В заметке рассказывалось, что молодой человек покончил с собой выстрелом из револьвера в том самом притоне, откуда год тому назад бежала завлеченная обманом жертва Клавдия Васильевна Дроздова и из боязни быть вновь возвращенной в притон бросилась с чердака трехэтажного дома на Грачевке и была поднята с булыжной мостовой без признаков жизни.
Самоубийство Алфимова ставили в ближайшую связь с этим происшествием, так как покойная Дроздова была девушка, которую он любил и на которой ему не разрешил жениться его отец, известный петербургский финансовый деятель и миллионер.
Последнее, как известно нашим читателям, несколько расходилось с истиной, но в общем связь между самоубийством Дроздовой и молодым Алфимовым существовала.
Читатель, вероятно, помнит, какое страшное впечатление произвела на Ивана Корнильевича случайно прочтенная им заметка о самоубийстве Клавдии Васильевны Дроздовой.
Граф Стоцкий, с присущим ему апломбом, успел убедить его, что дело шло о самоубийстве тезки и однофамилицы Клодины.
Находясь, видимо, под влиянием своего сиятельного друга, молодой Алфимов поверил и успокоился.
Он снова окунулся в водоворот веселой петербургской жизни, особенно после происшедшей с ним катастрофы, когда он принужден был признаться в произведенной им растрате и был изгнан отцом из дома с наследованным после матери капиталом.
Капитолина Андреевна оказалась права относительно способностей своей старшей дочери Кати и не таких, как молодой Алфимов, не только забирать в руки, а с руки на руку перекидывать.
Иван Корнильевич вскоре сильно привязался к молодой девушке и ходил отуманенный ее ласками, часто перемешанными с капризами.
Он совершенно позабыл не только о Клодине, но и о своей последней, казалось ему, безумной любви к Елизавете Петровне Дубянской, ставшей госпожой Сиротининой.
Проектированная графом Сигизмундом Владиславовичем заграничная поездка состоялась.
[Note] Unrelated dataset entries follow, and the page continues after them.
lemma intertwiner_dual_part_eq:
  fixes u w c2 c4 d2 d4 :: complex
  assumes u: "cnj u * u = 1" and unit_du: "cnj u * w + cnj w * u = 0"
    and j_part: "c2 * cnj u = u * d2" and j_du: "c2 * cnj w + c4 * cnj u = u * d4 + w * d2"
    and c2: "c2 \<noteq> 0"
  shows "w = (cnj (c2 * d4) - cnj (d2 * c4)) / (2 * (cnj c2)\<^sup>2) * cnj u"
proof -
  have cnj_w: "cnj w = - cnj u * w * cnj u"
  proof -
    have "cnj w = cnj w * u * cnj u"
      using u by (simp add: mult.assoc mult.commute)
    with unit_du show ?thesis
      by (metis add_eq_0_iff mult_minus_left)
  qed
  have cnj_d2: "cnj d2 = u\<^sup>2 * cnj c2"
  proof -
    have "u\<^sup>2 * cnj c2 = u * cnj (c2 * cnj u)"
      by (simp add: power2_eq_square)
    also have "\<dots> = (u * cnj u) * cnj d2"
      by (simp add: j_part mult.assoc)
    finally show ?thesis
      using u by (simp add: mult.commute)
  qed
  have "cnj w * cnj d2 = - w * cnj c2 * (cnj u * u)\<^sup>2"
    unfolding cnj_w cnj_d2 by (simp add: power2_eq_square algebra_simps)
  with u have "cnj w * cnj d2 = - w * cnj c2"
    by simp
  with arg_cong[OF j_du, of cnj]
  have w_eq: "2 * cnj c2 * w = cnj u * cnj d4 - cnj c4 * u"
    by (simp add: algebra_simps)
  have "(cnj (c2 * d4) - cnj (d2 * c4)) * cnj u = cnj c2 * (cnj u * cnj d4 - cnj c4 * u * (u * cnj u))"
    unfolding complex_cnj_mult cnj_d2 by (simp add: power2_eq_square algebra_simps)
  also have "\<dots> = cnj c2 * (2 * cnj c2 * w)"
    using w_eq u by (simp add: mult.commute)
  finally have "(cnj (c2 * d4) - cnj (d2 * c4)) * cnj u = w * (2 * (cnj c2)\<^sup>2)"
    by (simp add: power2_eq_square algebra_simps)
  then show ?thesis
    using c2 by (simp add: field_simps)
qed

lemma unit_intertwiner_eq:
  fixes l1 l2 c1 c2 c3 c4 d1 d2 d3 d4 s :: complex
  defines "P \<equiv> dual_complex (cnj s)
    ((cnj (c2 * d4) - cnj (d2 * c4)) / (2 * (cnj c2)\<^sup>2) * cnj (inverse s))"
  assumes p: "unit_dq p"
    and comm: "dual_complex l1 l2 * p = p * dual_complex l1 l2" and l1: "l1 \<notin> \<real>"
    and intertw: "DQ (cquat c1 c2) (cquat c3 c4) * p = p * DQ (cquat d1 d2) (cquat d3 d4)"
    and c2: "c2 \<noteq> 0" and s: "s\<^sup>2 = d2 / c2"
  shows "p = P \<or> p = - P"
proof -
  obtain u w where p_eq: "p = dual_complex u w"
    using commutes_nonreal_dual_complex[OF comm l1] .
  have u: "cnj u * u = 1" and unit_du: "cnj u * w + cnj w * u = 0"
    using p by (simp_all add: p_eq unit_dq_dual_complex_iff)
  have j_part: "c2 * cnj u = u * d2" and j_du: "c2 * cnj w + c4 * cnj u = u * d4 + w * d2"
    using intertw by (simp_all add: p_eq intertwines_dual_complex_iff)
  have inv_u: "inverse (cnj u) = u"
    using u by (rule inverse_unique)
  have w: "w = (cnj (c2 * d4) - cnj (d2 * c4)) / (2 * (cnj c2)\<^sup>2) * cnj u"
    using intertwiner_dual_part_eq[OF u unit_du j_part j_du c2] .
  from intertwiner_standard_part_eq[OF u j_part c2 s] show ?thesis
  proof
    assume "u = cnj s"
    then show ?thesis
      using inv_u by (simp add: P_def p_eq w)
  next
    assume "u = - cnj s"
    then show ?thesis
      using inv_u by (simp add: P_def p_eq w dual_complex_eq_cquat uminus_dquat_def)
  qed
qed
lemma set_integral_Phi_phi: "(LBINT u:{0<..}. Phi (-(a*u)) * phi u) = (pi/2 - arctan a)/(2*pi)"
proof (rule set_integral_eq_of_nn_integral)
  have inner: "(\<integral>\<^sup>+u. ennreal (u^Suc 0 * phi (t*u) * phi u) * indicator {0<..} u \<partial>lborel)
      = ennreal (1/(2*pi)) * ennreal (1/(1+t\<^sup>2))" for t
    using nn_integral_phi_mult_phi[of 0 t] nn_integral_gaussian_moment_1[OF one_plus_square_pos]
    by simp
  have "(\<integral>\<^sup>+u. ennreal (u^0 * Phi (-(a*u)) * phi u) * indicator {0<..} u \<partial>lborel)
      = (\<integral>\<^sup>+t. ennreal (1/(2*pi)) * (ennreal (1/(1+t\<^sup>2)) * indicator {a..} t) \<partial>lborel)"
    unfolding nn_integral_Phi_moment inner by (simp add: mult.assoc)
  also have "\<dots> = ennreal (1/(2*pi)) * ennreal (pi/2 - arctan a)"
    by (simp add: nn_integral_cmult nn_integral_cauchy_tail)
  also have "\<dots> = ennreal ((pi/2 - arctan a)/(2*pi))"
    using arctan_ubound[of a] by (simp add: ennreal_mult[symmetric])
  finally show "(\<integral>\<^sup>+u. ennreal (Phi (-(a*u)) * phi u) * indicator {0<..} u \<partial>lborel)
      = ennreal ((pi/2 - arctan a)/(2*pi))"
    by simp
  show "0 \<le> (pi/2 - arctan a)/(2*pi)" using arctan_ubound[of a] by simp
qed (auto simp: Phi_nonneg phi_def)

lemma set_integral_sq_Phi_phi:
  "(LBINT u:{0<..}. u\<^sup>2 * Phi (-(a*u)) * phi u) = sq_cauchy_tail a/(2*pi)"
proof (rule set_integral_eq_of_nn_integral)
  have inner: "(\<integral>\<^sup>+u. ennreal (u^Suc 2 * phi (t*u) * phi u) * indicator {0<..} u \<partial>lborel)
      = ennreal (1/(2*pi)) * ennreal (2/(1+t\<^sup>2)\<^sup>2)" for t
    using nn_integral_phi_mult_phi[of 2 t] nn_integral_gaussian_moment_3[OF one_plus_square_pos]
    by simp
  have "(\<integral>\<^sup>+u. ennreal (u^2 * Phi (-(a*u)) * phi u) * indicator {0<..} u \<partial>lborel)
      = (\<integral>\<^sup>+t. ennreal (1/(2*pi)) * (ennreal (2/(1+t\<^sup>2)\<^sup>2) * indicator {a..} t) \<partial>lborel)"
    unfolding nn_integral_Phi_moment inner by (simp add: mult.assoc)
  also have "\<dots> = ennreal (1/(2*pi)) * ennreal (sq_cauchy_tail a)"
    by (simp add: nn_integral_cmult nn_integral_sq_cauchy_tail)
  also have "\<dots> = ennreal (sq_cauchy_tail a/(2*pi))"
    using sq_cauchy_tail_nonneg[of a] by (simp add: ennreal_mult[symmetric])
  finally show "(\<integral>\<^sup>+u. ennreal (u\<^sup>2 * Phi (-(a*u)) * phi u) * indicator {0<..} u \<partial>lborel)
      = ennreal (sq_cauchy_tail a/(2*pi))" .
  show "0 \<le> sq_cauchy_tail a/(2*pi)" using sq_cauchy_tail_nonneg[of a] by simp
qed (auto simp: Phi_nonneg phi_def)
lemma decrement_le_ball_mass:
  assumes n: "1 \<le> n" and x: "x \<in> msupp N P"
  defines "\<delta> \<equiv> greedy_dist n x"
  shows "decrement_factor * (g x * \<delta> powr (r + DIM('a)))
    \<le> (1 - \<epsilon> powr r) * \<delta> powr r * measure \<nu> (nball N x (\<epsilon> * \<delta>))"
proof -
  have \<delta>: "0 \<le> \<delta>" unfolding \<delta>_def using greedy_dist_nonneg[OF n] .
  have ball: "g x * unit_ball_vol N * (\<epsilon> * \<delta>) ^ DIM('a) \<le> measure \<nu> (nball N x (\<epsilon> * \<delta>))"
    using eps \<delta> greedy_dist_le[OF n, of x] unfolding \<delta>_def by (intro g_bound[OF x]) auto
  have "1 / 3 powr r \<le> 1" using r_pos by (simp add: ge_one_powr_ge_zero)
  then have le: "1 / 3 powr r - \<epsilon> powr r \<le> 1 - \<epsilon> powr r" by simp
  have "0 \<le> 1 / 3 powr r - \<epsilon> powr r"
    using phi_r_pos eps unfolding phi_r_def by (simp add: zero_less_mult_iff)
  then have "0 \<le> 1 - \<epsilon> powr r" using le by linarith
  have Q: "0 \<le> g x * unit_ball_vol N * (\<epsilon> * \<delta>) ^ DIM('a)"
    using g_nonneg unit_ball_vol_pos[OF norm] eps \<delta> by simp
  have "decrement_factor * (g x * \<delta> powr (r + DIM('a)))
      = (1 / 3 powr r - \<epsilon> powr r) * \<delta> powr r * (g x * unit_ball_vol N * (\<epsilon> * \<delta>) ^ DIM('a))"
    unfolding decrement_factor_def phi_r_def using \<delta>
    by (simp add: powr_add powr_realpow' power_mult_distrib algebra_simps)
  also have "\<dots> \<le> (1 - \<epsilon> powr r) * \<delta> powr r * (g x * unit_ball_vol N * (\<epsilon> * \<delta>) ^ DIM('a))"
    by (intro mult_right_mono[OF mult_right_mono[OF le] Q]) simp
  also have "\<dots> \<le> (1 - \<epsilon> powr r) * \<delta> powr r * measure \<nu> (nball N x (\<epsilon> * \<delta>))"
    using \<open>0 \<le> 1 - \<epsilon> powr r\<close> by (intro mult_left_mono[OF ball]) simp
  finally show ?thesis .
qed
lemma local_min_grad_hessian:
  fixes D :: "'a::euclidean_space \<Rightarrow> real"
  assumes S: "open S" "x \<in> S" and min: "\<And>y. y \<in> S \<Longrightarrow> D x \<le> D y"
    and dD: "\<And>y. y \<in> S \<Longrightarrow> D differentiable (at y)"
    and H: "(grad D has_derivative H) (at x)"
  shows "grad D x = 0" and "0 \<le> H h \<bullet> h"
proof -
  have "eventually (\<lambda>y. D x \<le> D y) (at x)"
    using eventually_at_in_open'[OF S] by eventually_elim (use min in auto)
  from has_derivative_local_min[OF has_derivative_grad[OF dD[OF S(2)]] this]
  have "grad D x \<bullet> grad D x = 0" by meson
  then show grad0: "grad D x = 0" by simp
  obtain e where e: "0 < e" "ball x e \<subseteq> S" using S open_contains_ball by blast
  define d where "d = e / (norm h + 1)"
  have d: "0 < d" using e by (simp add: d_def add_nonneg_pos)
  have line: "x + t *\<^sub>R h \<in> S" if "\<bar>t\<bar> < d" for t
  proof -
    have "\<bar>t\<bar> * norm h \<le> \<bar>t\<bar> * (norm h + 1)" by (simp add: mult_left_mono)
    also have "\<dots> < e" using that e by (simp add: d_def pos_less_divide_eq add_nonneg_pos)
    finally show ?thesis using e by (auto simp: dist_norm)
  qed
  have dline: "((\<lambda>t. x + t *\<^sub>R h) has_derivative (\<lambda>s. s *\<^sub>R h)) (at t)" for t :: real
    by (auto intro!: derivative_eq_intros)
  have "((\<lambda>t. D (x + t *\<^sub>R h)) has_real_derivative grad D (x + t *\<^sub>R h) \<bullet> h) (at t)"
    if "\<bar>t\<bar> < d" for t
    using has_derivative_compose[OF dline has_derivative_grad[OF dD[OF line[OF that]]]]
    by (simp add: has_real_derivative_iff_has_vector_derivative has_vector_derivative_def)
  moreover have "((\<lambda>t. grad D (x + t *\<^sub>R h) \<bullet> h) has_real_derivative H h \<bullet> h) (at 0)"
  proof -
    have "((\<lambda>t. grad D (x + t *\<^sub>R h)) has_derivative (\<lambda>s. H (s *\<^sub>R h))) (at 0)"
      using has_derivative_compose[of _ _ 0, OF dline] H by simp
    then have "((\<lambda>t. grad D (x + t *\<^sub>R h) \<bullet> h) has_derivative (\<lambda>s. H (s *\<^sub>R h) \<bullet> h)) (at 0)"
      by (rule has_derivative_inner_left)
    moreover have "linear H" using H has_derivative_linear by blast
    ultimately show ?thesis
      by (simp add: has_real_derivative_iff_has_vector_derivative has_vector_derivative_def
          linear_cmul mult.commute)
  qed
  ultimately show "0 \<le> H h \<bullet> h"
    by (intro second_derivative_nonneg_at_local_min[OF d, of "\<lambda>t. D (x + t *\<^sub>R h)"])
       (use min line grad0 in auto)
qed

lemma touching_from_below:
  fixes F W :: "'a::euclidean_space \<Rightarrow> real"
  assumes S: "open S" "x \<in> S"
    and le: "\<And>y. y \<in> S \<Longrightarrow> F y \<le> c * W y" and eq: "F x = c * W x"
    and dF: "\<And>y. y \<in> S \<Longrightarrow> F differentiable (at y)"
    and dW: "\<And>y. y \<in> S \<Longrightarrow> W differentiable (at y)"
    and HF: "(grad F has_derivative HF) (at x)" and HW: "(grad W has_derivative HW) (at x)"
  shows "grad F x = c *\<^sub>R grad W x" and "HF h \<bullet> h \<le> c * (HW h \<bullet> h)"
proof -
  define D where "D y = c * W y - F y" for y
  have dD: "(D has_derivative (\<lambda>h. (c *\<^sub>R grad W y - grad F y) \<bullet> h)) (at y)" if "y \<in> S" for y
  proof -
    have "(D has_derivative (\<lambda>h. c * (grad W y \<bullet> h) - grad F y \<bullet> h)) (at y)"
      unfolding D_def using that dF dW
      by (intro has_derivative_diff has_derivative_mult_right has_derivative_grad) auto
    then show ?thesis by (simp add: inner_diff_left)
  qed
  have "((\<lambda>y. c *\<^sub>R grad W y - grad F y) has_derivative (\<lambda>k. c *\<^sub>R HW k - HF k)) (at x)"
    by (intro has_derivative_diff has_derivative_scaleR_right HW HF)
  then have HD: "(grad D has_derivative (\<lambda>k. c *\<^sub>R HW k - HF k)) (at x)"
    by (rule has_derivative_transform_within_open[OF _ S]) (simp add: grad_eqI[OF dD])
  have min: "D x \<le> D y" if "y \<in> S" for y
    using le[OF that] eq by (simp add: D_def)
  have dD': "D differentiable (at y)" if "y \<in> S" for y
    using dD[OF that] by (auto simp: differentiable_def)
  show "grad F x = c *\<^sub>R grad W x"
    using local_min_grad_hessian(1)[OF S min dD' HD] grad_eqI[OF dD[OF S(2)]] by simp
  show "HF h \<bullet> h \<le> c * (HW h \<bullet> h)"
    using local_min_grad_hessian(2)[OF S min dD' HD, of h] by (simp add: inner_diff_left)
qed

lemma plap_le_touching:
  fixes F W :: "'a::euclidean_space \<Rightarrow> real"
  assumes S: "open S" "x \<in> S"
    and le: "\<And>y. y \<in> S \<Longrightarrow> F y \<le> c * W y" and eq: "F x = c * W x"
    and dF: "\<And>y. y \<in> S \<Longrightarrow> F differentiable (at y)"
    and dW: "\<And>y. y \<in> S \<Longrightarrow> W differentiable (at y)"
    and HF: "(grad F has_derivative HF) (at x)" and HW: "(grad W has_derivative HW) (at x)"
    and p: "2 \<le> p" and c: "0 < c" and nz: "grad F x \<noteq> 0"
  shows "plap p F x \<le> c powr (p - 1) * plap p W x"
proof -
  have gF: "grad F x = c *\<^sub>R grad W x"
    by (rule touching_from_below(1)[OF S le eq dF dW HF HW])
  have hess: "HF h \<bullet> h \<le> c * (HW h \<bullet> h)" for h
    by (rule touching_from_below(2)[OF S le eq dF dW HF HW])
  have nzW: "grad W x \<noteq> 0" using nz gF by auto
  have "plap p F x = (c * norm (grad W x)) powr (p - 2) * plap_factor p HF (grad W x)"
    using plap_eq_plap_factor[OF HF nz] plap_factor_scaleR[OF has_derivative_linear[OF HF]] c
    by (simp add: gF)
  also have "\<dots> \<le> (c * norm (grad W x)) powr (p - 2) * (c * plap_factor p HW (grad W x))"
    by (intro mult_left_mono plap_factor_mono[OF hess p]) simp
  also have "\<dots> = c powr (p - 1) * plap p W x"
    using plap_eq_plap_factor[OF HW nzW] powr_minus_two_mult_self[of c p] c
    by (simp add: powr_mult algebra_simps)
  finally show ?thesis .
qed

lemma annulus_comparison:
  fixes F w V :: "'a::euclidean_space \<Rightarrow> real" and a b :: real
  defines "K \<equiv> cball 0 b - ball 0 a" and "S \<equiv> ball 0 b - cball 0 a"
  assumes p: "2 \<le> p" and c: "0 < c"
    and cont: "continuous_on K F" "continuous_on K w" and w: "\<And>y. y \<in> K \<Longrightarrow> 0 < w y"
    and boundary: "\<And>y. y \<in> K \<Longrightarrow> norm y = a \<or> norm y = b \<Longrightarrow> F y \<le> c * w y"
    and C2: "\<And>y. y \<in> S \<Longrightarrow> F differentiable (at y) \<and> grad F differentiable (at y)
                             \<and> w differentiable (at y) \<and> grad w differentiable (at y)"
    and super: "\<And>y. y \<in> S \<Longrightarrow> plap p w y \<le> - V y * ppow p (w y)"
    and strict: "\<And>y. y \<in> S \<Longrightarrow> c * w y < F y \<Longrightarrow>
                   - V y * ppow p (F y) < plap p F y \<and> grad F y \<noteq> 0"
    and y: "y \<in> K"
  shows "F y \<le> c * w y"
proof -
  have "compact K" unfolding K_def by (intro compact_diff compact_cball open_ball)
  moreover have "continuous_on K (\<lambda>y. F y / w y)"
    using cont w by (intro continuous_intros) (auto simp: less_le)
  ultimately obtain z where z: "z \<in> K" and max: "\<And>y. y \<in> K \<Longrightarrow> F y / w y \<le> F z / w z"
    using continuous_attains_sup[of K] y by blast
  define T where "T = F z / w z"
  have wz: "0 < w z" using w z by blast
  have "T \<le> c"
  proof (rule ccontr)
    assume "\<not> T \<le> c"
    have FzT: "F z = T * w z" using wz by (simp add: T_def)
    with \<open>\<not> T \<le> c\<close> wz have big: "c * w z < F z" by simp
    then have "norm z \<noteq> a" "norm z \<noteq> b" using boundary[OF z] by auto
    then have zS: "z \<in> S" using z by (auto simp: K_def S_def)
    have SK: "S \<subseteq> K" by (auto simp: K_def S_def)
    have le: "F y \<le> T * w y" if "y \<in> S" for y
      using max[of y] w[of y] that SK by (auto simp: T_def pos_divide_le_eq)
    obtain HF HW
      where HF: "(grad F has_derivative HF) (at z)" and HW: "(grad w has_derivative HW) (at z)"
      using C2[OF zS] by (auto simp: differentiable_def)
    have "open S" unfolding S_def by (intro open_Diff open_ball closed_cball)
    have "plap p F z \<le> T powr (p - 1) * plap p w z"
    proof (rule plap_le_touching[OF \<open>open S\<close> zS le FzT _ _ HF HW p])
      show "0 < T" using c \<open>\<not> T \<le> c\<close> by simp
      show "grad F z \<noteq> 0" using strict[OF zS big] by blast
    qed (use C2 in blast)+
    also have "\<dots> \<le> T powr (p - 1) * (- V z * ppow p (w z))"
      using super[OF zS] by (intro mult_left_mono) auto
    also have "\<dots> = - V z * ppow p (F z)"
      using c \<open>\<not> T \<le> c\<close> wz by (simp add: FzT ppow_pos powr_mult)
    finally show False using strict[OF zS big] by simp
  qed
  then have "F y / w y \<le> c" using max[OF y] by (simp add: T_def)
  then show ?thesis using w[OF y] by (simp add: pos_divide_le_eq)
qed
definition GI_reducible :: "nat \<Rightarrow> 'a::field vec set \<Rightarrow> bool" where
  "GI_reducible n C \<longleftrightarrow> (\<exists>a b::'a. a \<noteq> 0 \<and> a + of_nat n * b \<noteq> 0 \<and>
     (let M = a \<cdot>\<^sub>m 1\<^sub>m n + b \<cdot>\<^sub>m ones_mat n in
       (\<forall>C'\<in>perm_class n C. M_LCD n M C') \<and>
       (\<forall>C1\<in>perm_class n C. \<forall>C2\<in>perm_class n C.
          perm_equiv n C1 C2 \<longleftrightarrow> proj_equiv n (proj n M C1) (proj n M C2))))"

end

theory Submission
  imports Defs "Jordan_Normal_Form.Determinant"
begin

(* For M = aI + bJ the form x M y^T = a (x,y) + b (x,1)(y,1) is symmetric and invariant under
   coordinate permutations. If it is nondegenerate on C (i.e. C is M-LCD), the M-orthogonal
   projector onto C is the unique matrix Q with xQ in C and x - xQ M-orthogonal to C; this
   characterisation is transported by permutations, so the projector of CP is P^T Q P, and Q
   recovers C as its row space. Hence the isomorphism condition holds automatically and C is
   GI-reducible iff the form is nondegenerate on C for some admissible a, b.
   A hull vector x with (x,1) = 0 lies in the radical of every such form, so nondegeneracy
   forces Hull(C) to meet the hyperplane (x,1) = 0 trivially: Hull(C) is 0 or a line spanned by
   a vector with (x,1) <> 0. Conversely M = I works for LCD codes, and if Hull(C) = <h> with
   (h,1) <> 0 then M = I + bJ works for any b <> 0 with 1 + nb <> 0. Such b exists unless the
   field is GF(2), where c^2 = c gives (h,1) = (h,h) = 0. *)

lemma row_mult_carrier[simp]:
  "A \<in> carrier_mat k n \<Longrightarrow> u \<in> carrier_vec k \<Longrightarrow> row_mult u A \<in> carrier_vec n"
  unfolding row_mult_def by auto

lemma row_mult_mult:
  fixes A :: "'a::comm_semiring_0 mat"
  assumes "A \<in> carrier_mat a b" "B \<in> carrier_mat b c" "x \<in> carrier_vec a"
  shows "row_mult x (A * B) = row_mult (row_mult x A) B"
  unfolding row_mult_def using assms by (simp add: transpose_mult)

lemma row_mult_scalar_prod:
  fixes A :: "'a::comm_semiring_0 mat"
  assumes "A \<in> carrier_mat k n" "u \<in> carrier_vec k" "z \<in> carrier_vec n"
  shows "row_mult u A \<bullet> z = u \<bullet> (A *\<^sub>v z)"
  unfolding row_mult_def by (rule transpose_vec_mult_scalar[OF assms(1,3,2)])

lemma row_mult_minus:
  fixes A :: "'a::comm_ring mat"
  assumes "A \<in> carrier_mat k n" "u \<in> carrier_vec k" "v \<in> carrier_vec k"
  shows "row_mult (u - v) A = row_mult u A - row_mult v A"
  unfolding row_mult_def using assms by (simp add: mult_minus_distrib_mat_vec)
С ним вместе отправились граф Вельский, барон Гемпель, Кирхоф и молодой Алфимов, а с последним ставшая с ним неразлучной Екатерина Семеновна Усова.
Граф Стоцкий первое время восстал против проекта своего молодого друга взять с собою Катю, доказывая ему, что ехать за границу с женщиной все равно, что отправиться в Тулу со своим самоваром.
Но Иван Корнильевич стоял на своем, и граф, скрепя сердце, согласился.
Какое-то предчувствие говорило ему, что эта «баба ему дело испортит».
Он утешался, впрочем, одним, что Екатерина Семеновна была тоже в его руках и не посмеет отступить от даваемых ей им инструкций.
Предчувствие, однако, не обмануло его в этот раз, хотя порча дела произошла со стороны, совершенно не ожидаемой для графа Стоцкого.
Как-то раз оставшись вдвоем — они жили в одном из лучших отелей Ниццы — Екатерина Семеновна совершенно случайно вспомнила увлечение своего возлюбленного белокурой Клодиной.
— Она некрасиво поступила со мной… — заметил Иван Корнильевич.
— Ну, что поминать лихом покойную, — отвечала Екатерина Семеновна.
— Как покойную? — дрожащим голосом спросил Алфимов.
— Разве ты не знаешь, что она покончила жизнь самоубийством в Москве?